What is being asked:
Take the lines below between the one holding "v + (\<Sum>u\<in>?N." and the one holding "u v \<subseteq>", inclusive, and copy them exactly. Add nothing.

Stored data:
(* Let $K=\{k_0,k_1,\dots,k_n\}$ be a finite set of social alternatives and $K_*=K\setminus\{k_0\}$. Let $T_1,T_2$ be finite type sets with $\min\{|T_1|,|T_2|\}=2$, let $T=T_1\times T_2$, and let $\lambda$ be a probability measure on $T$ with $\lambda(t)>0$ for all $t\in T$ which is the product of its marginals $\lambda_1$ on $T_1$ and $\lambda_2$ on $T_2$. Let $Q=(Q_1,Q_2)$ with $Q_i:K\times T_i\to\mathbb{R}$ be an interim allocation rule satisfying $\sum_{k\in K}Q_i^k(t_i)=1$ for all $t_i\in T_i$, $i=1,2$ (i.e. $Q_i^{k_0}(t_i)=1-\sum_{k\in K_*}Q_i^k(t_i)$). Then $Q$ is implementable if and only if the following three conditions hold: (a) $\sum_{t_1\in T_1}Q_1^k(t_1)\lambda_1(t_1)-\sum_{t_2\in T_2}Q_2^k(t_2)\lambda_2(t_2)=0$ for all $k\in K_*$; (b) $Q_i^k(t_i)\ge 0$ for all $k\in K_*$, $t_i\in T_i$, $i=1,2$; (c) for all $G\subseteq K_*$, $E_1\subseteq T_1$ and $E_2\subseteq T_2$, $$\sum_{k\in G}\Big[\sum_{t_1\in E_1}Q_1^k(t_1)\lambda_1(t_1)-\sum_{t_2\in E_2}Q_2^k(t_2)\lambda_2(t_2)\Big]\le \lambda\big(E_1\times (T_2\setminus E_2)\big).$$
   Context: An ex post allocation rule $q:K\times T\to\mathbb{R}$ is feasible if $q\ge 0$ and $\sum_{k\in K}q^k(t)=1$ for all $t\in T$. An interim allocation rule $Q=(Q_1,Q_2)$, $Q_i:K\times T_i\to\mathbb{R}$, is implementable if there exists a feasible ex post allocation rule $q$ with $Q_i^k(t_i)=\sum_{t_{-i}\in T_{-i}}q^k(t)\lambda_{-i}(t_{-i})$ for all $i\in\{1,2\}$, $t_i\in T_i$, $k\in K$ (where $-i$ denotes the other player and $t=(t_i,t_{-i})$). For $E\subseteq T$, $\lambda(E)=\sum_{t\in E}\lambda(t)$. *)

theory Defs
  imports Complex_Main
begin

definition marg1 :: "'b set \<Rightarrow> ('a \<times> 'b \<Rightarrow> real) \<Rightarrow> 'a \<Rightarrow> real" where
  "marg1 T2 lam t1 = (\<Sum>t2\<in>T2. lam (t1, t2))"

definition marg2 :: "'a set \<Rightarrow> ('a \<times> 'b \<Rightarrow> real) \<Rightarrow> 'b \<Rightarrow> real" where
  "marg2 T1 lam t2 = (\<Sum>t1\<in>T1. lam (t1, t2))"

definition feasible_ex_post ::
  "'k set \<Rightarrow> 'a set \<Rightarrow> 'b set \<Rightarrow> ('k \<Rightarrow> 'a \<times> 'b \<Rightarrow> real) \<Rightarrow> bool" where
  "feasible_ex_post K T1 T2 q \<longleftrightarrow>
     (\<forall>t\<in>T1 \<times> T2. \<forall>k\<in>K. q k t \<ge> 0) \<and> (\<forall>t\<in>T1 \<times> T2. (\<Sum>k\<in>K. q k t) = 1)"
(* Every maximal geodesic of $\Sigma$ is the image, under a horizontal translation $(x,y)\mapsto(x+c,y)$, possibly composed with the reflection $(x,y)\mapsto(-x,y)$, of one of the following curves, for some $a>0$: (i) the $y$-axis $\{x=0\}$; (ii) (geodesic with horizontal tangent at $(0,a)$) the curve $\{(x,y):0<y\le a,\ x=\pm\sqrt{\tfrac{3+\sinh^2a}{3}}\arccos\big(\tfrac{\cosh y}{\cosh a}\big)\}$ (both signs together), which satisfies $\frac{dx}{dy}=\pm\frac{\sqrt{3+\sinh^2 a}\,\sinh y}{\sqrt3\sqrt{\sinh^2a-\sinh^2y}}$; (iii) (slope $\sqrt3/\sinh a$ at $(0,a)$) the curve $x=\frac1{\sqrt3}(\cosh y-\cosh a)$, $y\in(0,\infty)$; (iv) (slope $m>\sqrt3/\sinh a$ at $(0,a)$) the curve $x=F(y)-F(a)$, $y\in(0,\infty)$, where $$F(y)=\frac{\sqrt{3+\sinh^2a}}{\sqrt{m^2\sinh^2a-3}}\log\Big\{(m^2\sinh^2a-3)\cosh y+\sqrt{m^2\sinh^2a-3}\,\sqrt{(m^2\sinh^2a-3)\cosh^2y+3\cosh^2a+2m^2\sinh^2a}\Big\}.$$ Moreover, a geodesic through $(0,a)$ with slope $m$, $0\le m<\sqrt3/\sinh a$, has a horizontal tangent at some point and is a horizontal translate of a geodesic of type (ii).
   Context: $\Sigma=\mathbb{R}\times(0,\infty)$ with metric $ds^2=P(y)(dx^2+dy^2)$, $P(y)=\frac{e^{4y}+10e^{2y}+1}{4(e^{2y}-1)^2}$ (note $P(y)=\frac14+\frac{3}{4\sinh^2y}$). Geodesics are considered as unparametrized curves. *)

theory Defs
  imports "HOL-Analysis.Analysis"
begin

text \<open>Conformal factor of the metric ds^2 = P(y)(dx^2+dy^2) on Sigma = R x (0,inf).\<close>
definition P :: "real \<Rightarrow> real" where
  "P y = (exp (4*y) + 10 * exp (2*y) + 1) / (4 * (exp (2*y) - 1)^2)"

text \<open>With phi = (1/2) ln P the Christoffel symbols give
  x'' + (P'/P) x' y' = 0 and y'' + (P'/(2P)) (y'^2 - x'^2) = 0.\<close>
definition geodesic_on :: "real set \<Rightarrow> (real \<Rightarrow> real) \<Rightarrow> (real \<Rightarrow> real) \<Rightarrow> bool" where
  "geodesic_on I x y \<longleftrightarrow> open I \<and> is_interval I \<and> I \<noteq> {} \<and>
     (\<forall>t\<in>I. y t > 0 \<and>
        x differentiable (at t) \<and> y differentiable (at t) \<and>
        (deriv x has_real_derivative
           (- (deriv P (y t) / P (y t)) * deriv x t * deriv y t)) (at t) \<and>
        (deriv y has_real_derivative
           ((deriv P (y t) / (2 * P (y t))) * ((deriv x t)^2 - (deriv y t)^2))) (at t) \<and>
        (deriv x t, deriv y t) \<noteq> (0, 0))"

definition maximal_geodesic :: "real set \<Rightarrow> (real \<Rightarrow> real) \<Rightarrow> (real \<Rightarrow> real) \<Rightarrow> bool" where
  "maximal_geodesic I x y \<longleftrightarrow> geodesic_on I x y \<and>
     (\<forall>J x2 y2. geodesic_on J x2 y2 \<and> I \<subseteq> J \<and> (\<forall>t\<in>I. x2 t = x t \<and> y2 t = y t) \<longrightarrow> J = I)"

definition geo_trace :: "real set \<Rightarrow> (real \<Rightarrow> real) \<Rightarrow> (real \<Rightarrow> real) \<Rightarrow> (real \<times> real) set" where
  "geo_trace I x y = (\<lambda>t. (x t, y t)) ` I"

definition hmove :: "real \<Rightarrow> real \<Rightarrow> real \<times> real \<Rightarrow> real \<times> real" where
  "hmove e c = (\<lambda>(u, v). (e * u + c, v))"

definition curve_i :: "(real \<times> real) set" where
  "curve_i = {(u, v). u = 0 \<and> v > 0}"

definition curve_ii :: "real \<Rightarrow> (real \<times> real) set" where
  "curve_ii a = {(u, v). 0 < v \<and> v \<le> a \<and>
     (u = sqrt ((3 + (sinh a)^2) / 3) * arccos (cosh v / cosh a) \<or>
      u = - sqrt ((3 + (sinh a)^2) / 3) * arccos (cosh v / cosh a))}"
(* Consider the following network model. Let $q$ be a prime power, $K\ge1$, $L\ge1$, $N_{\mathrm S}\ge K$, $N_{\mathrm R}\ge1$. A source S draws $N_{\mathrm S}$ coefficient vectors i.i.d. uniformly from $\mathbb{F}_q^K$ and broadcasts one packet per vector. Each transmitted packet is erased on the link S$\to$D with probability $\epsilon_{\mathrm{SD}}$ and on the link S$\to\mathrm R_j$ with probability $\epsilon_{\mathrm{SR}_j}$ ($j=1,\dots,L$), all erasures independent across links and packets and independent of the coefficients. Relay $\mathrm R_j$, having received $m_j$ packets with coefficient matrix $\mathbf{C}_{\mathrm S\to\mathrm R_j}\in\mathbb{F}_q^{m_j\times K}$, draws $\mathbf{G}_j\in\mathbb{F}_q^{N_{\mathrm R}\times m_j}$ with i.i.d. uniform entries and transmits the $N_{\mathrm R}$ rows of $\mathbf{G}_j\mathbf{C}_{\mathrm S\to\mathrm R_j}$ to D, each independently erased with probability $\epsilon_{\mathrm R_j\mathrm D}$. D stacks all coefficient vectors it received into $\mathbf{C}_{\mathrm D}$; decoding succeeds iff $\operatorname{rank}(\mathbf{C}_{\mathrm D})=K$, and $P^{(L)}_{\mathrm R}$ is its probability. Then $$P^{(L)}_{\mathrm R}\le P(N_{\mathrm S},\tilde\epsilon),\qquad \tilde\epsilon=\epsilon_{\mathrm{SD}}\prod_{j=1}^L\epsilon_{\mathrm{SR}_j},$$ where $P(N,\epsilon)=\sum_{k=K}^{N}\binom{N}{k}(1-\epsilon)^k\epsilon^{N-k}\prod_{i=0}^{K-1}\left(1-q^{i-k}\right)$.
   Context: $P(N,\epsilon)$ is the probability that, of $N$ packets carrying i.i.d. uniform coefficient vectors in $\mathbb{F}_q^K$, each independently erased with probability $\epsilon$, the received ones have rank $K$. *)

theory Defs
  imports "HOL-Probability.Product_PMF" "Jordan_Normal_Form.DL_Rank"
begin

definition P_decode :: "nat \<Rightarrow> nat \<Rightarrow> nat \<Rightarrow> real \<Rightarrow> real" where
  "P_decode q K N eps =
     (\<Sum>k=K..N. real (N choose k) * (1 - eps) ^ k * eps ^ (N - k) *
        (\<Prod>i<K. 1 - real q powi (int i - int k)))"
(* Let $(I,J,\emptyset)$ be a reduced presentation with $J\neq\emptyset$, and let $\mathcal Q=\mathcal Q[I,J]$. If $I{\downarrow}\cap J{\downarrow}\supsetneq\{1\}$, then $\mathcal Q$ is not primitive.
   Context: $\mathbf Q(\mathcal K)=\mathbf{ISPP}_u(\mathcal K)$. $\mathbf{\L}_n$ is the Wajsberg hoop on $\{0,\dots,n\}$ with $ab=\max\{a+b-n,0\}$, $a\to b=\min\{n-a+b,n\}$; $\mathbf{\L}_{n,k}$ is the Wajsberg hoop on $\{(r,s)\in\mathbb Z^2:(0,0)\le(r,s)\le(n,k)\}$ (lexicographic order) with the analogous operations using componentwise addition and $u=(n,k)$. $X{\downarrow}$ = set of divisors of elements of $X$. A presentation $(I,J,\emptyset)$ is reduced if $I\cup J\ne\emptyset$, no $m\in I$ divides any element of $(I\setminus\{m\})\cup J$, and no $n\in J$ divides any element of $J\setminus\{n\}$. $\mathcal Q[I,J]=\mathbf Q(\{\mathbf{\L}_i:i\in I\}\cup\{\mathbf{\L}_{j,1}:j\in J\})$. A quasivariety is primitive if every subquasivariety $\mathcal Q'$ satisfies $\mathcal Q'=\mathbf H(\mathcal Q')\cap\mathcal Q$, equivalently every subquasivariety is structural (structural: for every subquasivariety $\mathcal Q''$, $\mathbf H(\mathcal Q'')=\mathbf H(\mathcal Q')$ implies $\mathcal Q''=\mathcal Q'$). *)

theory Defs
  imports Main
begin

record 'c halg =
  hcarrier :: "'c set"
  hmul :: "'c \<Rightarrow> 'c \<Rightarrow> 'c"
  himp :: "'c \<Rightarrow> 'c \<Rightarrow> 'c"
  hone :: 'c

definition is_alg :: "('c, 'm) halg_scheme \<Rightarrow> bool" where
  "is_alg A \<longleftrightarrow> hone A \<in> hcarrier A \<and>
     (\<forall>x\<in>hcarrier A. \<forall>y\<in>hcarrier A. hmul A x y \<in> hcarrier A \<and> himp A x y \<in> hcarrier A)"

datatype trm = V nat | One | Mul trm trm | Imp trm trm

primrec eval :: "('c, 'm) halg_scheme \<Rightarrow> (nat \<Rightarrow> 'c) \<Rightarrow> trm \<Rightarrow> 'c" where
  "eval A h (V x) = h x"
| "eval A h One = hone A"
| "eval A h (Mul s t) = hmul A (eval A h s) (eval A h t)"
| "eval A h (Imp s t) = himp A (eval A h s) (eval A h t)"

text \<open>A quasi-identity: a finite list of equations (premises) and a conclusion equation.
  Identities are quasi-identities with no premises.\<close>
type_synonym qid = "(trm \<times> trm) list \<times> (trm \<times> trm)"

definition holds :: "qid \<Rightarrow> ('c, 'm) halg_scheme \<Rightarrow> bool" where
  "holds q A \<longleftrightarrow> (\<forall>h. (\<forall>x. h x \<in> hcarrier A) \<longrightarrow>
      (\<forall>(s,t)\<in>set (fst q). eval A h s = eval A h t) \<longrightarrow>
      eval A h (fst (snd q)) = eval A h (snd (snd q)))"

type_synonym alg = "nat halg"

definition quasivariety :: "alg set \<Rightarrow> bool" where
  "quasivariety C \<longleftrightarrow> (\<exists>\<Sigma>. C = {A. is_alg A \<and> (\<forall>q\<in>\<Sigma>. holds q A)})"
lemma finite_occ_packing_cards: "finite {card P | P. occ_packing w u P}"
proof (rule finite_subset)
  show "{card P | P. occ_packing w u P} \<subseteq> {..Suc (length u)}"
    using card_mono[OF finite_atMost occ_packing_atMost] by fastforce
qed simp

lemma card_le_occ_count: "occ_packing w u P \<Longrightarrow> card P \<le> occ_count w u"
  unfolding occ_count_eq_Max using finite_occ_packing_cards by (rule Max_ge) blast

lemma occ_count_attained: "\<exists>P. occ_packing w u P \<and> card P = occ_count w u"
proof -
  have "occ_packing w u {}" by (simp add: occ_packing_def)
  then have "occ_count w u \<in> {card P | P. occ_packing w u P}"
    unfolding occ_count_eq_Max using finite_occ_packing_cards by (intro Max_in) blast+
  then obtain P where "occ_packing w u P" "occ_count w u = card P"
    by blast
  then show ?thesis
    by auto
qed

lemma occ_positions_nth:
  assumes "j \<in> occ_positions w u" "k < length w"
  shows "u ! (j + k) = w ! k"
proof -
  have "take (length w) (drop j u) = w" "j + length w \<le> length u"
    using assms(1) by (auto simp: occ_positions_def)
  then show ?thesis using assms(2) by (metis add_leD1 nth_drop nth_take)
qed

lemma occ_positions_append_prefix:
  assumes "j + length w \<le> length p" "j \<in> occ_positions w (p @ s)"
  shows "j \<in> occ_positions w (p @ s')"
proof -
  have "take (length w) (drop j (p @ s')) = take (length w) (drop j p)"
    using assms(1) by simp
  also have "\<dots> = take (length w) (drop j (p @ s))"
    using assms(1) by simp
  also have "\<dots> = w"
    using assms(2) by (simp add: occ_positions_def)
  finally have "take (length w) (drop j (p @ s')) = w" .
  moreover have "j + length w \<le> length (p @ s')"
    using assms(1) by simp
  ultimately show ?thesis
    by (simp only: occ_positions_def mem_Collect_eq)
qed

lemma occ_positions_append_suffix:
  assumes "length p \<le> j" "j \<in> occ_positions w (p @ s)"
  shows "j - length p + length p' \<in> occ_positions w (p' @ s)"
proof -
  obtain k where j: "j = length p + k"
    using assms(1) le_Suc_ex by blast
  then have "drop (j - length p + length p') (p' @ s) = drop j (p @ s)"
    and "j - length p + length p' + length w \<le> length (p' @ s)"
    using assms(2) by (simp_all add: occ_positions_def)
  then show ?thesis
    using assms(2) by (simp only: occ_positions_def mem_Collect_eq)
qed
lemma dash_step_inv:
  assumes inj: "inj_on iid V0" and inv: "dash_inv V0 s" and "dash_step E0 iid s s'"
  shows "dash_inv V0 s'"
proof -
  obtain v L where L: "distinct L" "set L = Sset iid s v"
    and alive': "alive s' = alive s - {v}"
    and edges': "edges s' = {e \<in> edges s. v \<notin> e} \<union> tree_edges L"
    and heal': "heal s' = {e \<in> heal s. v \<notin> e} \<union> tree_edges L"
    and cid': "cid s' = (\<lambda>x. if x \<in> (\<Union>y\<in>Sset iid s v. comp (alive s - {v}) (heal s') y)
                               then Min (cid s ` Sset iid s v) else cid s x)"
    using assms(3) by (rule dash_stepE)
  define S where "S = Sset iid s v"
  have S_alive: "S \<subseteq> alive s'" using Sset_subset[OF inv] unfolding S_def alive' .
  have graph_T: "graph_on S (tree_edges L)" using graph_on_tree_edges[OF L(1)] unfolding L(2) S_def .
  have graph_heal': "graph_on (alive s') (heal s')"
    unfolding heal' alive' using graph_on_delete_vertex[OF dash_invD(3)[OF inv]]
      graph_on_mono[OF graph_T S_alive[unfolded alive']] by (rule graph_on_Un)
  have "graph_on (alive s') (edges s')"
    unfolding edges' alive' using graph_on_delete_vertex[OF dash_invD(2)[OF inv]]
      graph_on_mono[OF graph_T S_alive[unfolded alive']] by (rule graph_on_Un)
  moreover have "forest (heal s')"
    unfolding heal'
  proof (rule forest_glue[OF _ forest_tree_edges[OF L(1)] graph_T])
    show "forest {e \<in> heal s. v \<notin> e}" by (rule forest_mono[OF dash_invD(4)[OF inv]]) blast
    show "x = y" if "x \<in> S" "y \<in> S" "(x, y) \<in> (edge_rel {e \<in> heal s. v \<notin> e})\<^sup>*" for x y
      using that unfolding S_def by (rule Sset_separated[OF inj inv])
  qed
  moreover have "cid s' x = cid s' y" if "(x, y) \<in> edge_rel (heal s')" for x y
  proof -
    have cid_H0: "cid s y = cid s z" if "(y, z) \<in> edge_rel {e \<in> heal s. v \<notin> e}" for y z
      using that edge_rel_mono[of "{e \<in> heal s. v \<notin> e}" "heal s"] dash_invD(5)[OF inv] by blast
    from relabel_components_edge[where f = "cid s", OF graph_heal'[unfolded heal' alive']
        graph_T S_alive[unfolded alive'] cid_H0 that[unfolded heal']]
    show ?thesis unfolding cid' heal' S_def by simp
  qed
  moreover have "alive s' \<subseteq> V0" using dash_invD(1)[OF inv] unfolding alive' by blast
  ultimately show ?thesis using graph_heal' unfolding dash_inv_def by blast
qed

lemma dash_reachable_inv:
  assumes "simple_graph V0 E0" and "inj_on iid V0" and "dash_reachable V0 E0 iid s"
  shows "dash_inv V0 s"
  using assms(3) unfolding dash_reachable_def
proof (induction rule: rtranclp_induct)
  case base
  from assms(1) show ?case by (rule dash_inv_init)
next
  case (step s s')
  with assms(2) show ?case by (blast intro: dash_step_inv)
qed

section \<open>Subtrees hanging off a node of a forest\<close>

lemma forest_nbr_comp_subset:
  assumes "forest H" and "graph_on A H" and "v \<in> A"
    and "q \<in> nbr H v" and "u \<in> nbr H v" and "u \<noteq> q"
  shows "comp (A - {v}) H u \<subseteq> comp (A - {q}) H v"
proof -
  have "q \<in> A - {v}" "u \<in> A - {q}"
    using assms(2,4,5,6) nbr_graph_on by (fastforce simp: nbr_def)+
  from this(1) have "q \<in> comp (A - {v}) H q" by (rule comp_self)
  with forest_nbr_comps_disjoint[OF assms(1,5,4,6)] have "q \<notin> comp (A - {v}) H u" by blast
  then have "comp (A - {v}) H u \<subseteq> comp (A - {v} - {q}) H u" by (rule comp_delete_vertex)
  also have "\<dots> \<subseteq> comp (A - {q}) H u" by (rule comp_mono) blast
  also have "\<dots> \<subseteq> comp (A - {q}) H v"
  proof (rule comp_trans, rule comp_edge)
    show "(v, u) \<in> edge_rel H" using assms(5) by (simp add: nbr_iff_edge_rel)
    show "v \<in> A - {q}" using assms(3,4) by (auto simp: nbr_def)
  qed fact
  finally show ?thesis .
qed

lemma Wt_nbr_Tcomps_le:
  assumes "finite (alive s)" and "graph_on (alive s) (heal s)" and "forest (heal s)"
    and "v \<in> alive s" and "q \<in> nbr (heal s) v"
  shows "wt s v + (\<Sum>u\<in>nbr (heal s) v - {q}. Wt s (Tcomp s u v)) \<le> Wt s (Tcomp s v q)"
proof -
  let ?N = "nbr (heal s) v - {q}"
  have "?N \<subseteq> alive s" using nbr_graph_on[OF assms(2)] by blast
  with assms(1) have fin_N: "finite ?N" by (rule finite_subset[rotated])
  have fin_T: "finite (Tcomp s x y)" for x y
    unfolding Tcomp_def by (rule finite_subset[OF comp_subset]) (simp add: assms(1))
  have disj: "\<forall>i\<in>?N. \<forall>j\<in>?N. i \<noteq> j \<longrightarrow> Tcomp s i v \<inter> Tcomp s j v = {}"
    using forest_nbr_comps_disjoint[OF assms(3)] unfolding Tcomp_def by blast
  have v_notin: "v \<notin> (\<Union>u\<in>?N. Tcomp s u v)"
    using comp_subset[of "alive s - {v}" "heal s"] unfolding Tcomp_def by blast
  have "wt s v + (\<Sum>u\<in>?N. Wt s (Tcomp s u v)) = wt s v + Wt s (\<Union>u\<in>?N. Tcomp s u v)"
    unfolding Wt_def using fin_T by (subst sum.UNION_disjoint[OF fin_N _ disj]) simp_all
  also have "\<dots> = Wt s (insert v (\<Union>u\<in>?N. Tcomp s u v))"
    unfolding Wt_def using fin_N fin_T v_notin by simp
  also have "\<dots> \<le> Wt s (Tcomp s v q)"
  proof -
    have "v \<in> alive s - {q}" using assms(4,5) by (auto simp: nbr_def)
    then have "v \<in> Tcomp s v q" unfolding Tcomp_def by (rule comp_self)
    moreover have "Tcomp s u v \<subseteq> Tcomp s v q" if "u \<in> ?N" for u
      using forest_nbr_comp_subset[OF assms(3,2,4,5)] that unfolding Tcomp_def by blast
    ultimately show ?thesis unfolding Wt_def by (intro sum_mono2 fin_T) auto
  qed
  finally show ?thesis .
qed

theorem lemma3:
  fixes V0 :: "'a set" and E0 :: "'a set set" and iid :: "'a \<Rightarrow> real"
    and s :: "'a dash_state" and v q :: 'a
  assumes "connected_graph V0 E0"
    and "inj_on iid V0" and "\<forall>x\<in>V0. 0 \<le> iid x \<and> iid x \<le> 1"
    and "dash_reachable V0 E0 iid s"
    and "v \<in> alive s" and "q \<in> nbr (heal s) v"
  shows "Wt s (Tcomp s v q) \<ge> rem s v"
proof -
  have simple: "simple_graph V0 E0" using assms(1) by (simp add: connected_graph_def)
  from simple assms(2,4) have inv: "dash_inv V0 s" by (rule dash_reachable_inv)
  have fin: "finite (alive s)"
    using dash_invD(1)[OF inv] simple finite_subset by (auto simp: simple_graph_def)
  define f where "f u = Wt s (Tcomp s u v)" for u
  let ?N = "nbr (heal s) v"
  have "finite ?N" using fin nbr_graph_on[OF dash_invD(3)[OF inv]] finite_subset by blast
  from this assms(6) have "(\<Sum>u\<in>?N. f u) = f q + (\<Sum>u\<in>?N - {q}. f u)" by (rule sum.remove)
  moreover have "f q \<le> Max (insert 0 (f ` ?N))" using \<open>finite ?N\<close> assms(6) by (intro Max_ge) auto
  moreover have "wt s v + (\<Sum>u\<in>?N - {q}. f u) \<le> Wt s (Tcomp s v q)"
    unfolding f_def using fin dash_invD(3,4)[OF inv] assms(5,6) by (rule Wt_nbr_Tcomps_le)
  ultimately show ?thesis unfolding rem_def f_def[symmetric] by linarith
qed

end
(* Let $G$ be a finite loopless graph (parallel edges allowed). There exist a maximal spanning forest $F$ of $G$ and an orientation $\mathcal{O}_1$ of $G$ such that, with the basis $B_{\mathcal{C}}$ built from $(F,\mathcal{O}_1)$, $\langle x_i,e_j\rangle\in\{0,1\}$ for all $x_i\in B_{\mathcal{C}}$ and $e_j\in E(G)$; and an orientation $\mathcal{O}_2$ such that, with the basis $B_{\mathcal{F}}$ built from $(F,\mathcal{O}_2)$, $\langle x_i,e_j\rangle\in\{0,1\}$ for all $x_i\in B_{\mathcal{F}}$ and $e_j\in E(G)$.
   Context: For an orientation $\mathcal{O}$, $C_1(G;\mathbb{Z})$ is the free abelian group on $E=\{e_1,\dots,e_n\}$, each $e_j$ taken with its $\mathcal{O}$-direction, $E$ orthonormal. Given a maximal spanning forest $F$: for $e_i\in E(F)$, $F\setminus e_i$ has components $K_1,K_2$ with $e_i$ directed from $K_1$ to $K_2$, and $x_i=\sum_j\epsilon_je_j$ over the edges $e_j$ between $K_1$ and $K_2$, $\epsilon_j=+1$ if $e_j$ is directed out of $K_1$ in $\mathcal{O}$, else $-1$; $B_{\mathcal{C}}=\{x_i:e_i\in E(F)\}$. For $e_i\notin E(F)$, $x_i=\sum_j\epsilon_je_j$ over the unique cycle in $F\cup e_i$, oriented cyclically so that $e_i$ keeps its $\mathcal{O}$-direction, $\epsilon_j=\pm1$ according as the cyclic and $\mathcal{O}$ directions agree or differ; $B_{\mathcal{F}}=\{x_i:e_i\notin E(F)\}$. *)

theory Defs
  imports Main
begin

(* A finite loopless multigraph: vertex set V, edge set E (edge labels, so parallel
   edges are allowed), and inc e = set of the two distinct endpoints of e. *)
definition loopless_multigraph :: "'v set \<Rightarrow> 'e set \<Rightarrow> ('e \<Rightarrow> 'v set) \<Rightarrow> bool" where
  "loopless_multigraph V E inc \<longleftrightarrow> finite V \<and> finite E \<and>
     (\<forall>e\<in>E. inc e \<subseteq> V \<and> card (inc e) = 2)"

Your solution:
  have "wt s v + (\<Sum>u\<in>?N. Wt s (Tcomp s u v)) = wt s v + Wt s (\<Union>u\<in>?N. Tcomp s u v)"
    unfolding Wt_def using fin_T by (subst sum.UNION_disjoint[OF fin_N _ disj]) simp_all
  also have "\<dots> = Wt s (insert v (\<Union>u\<in>?N. Tcomp s u v))"
    unfolding Wt_def using fin_N fin_T v_notin by simp
  also have "\<dots> \<le> Wt s (Tcomp s v q)"
  proof -
    have "v \<in> alive s - {q}" using assms(4,5) by (auto simp: nbr_def)
    then have "v \<in> Tcomp s v q" unfolding Tcomp_def by (rule comp_self)
    moreover have "Tcomp s u v \<subseteq> Tcomp s v q" if "u \<in> ?N" for u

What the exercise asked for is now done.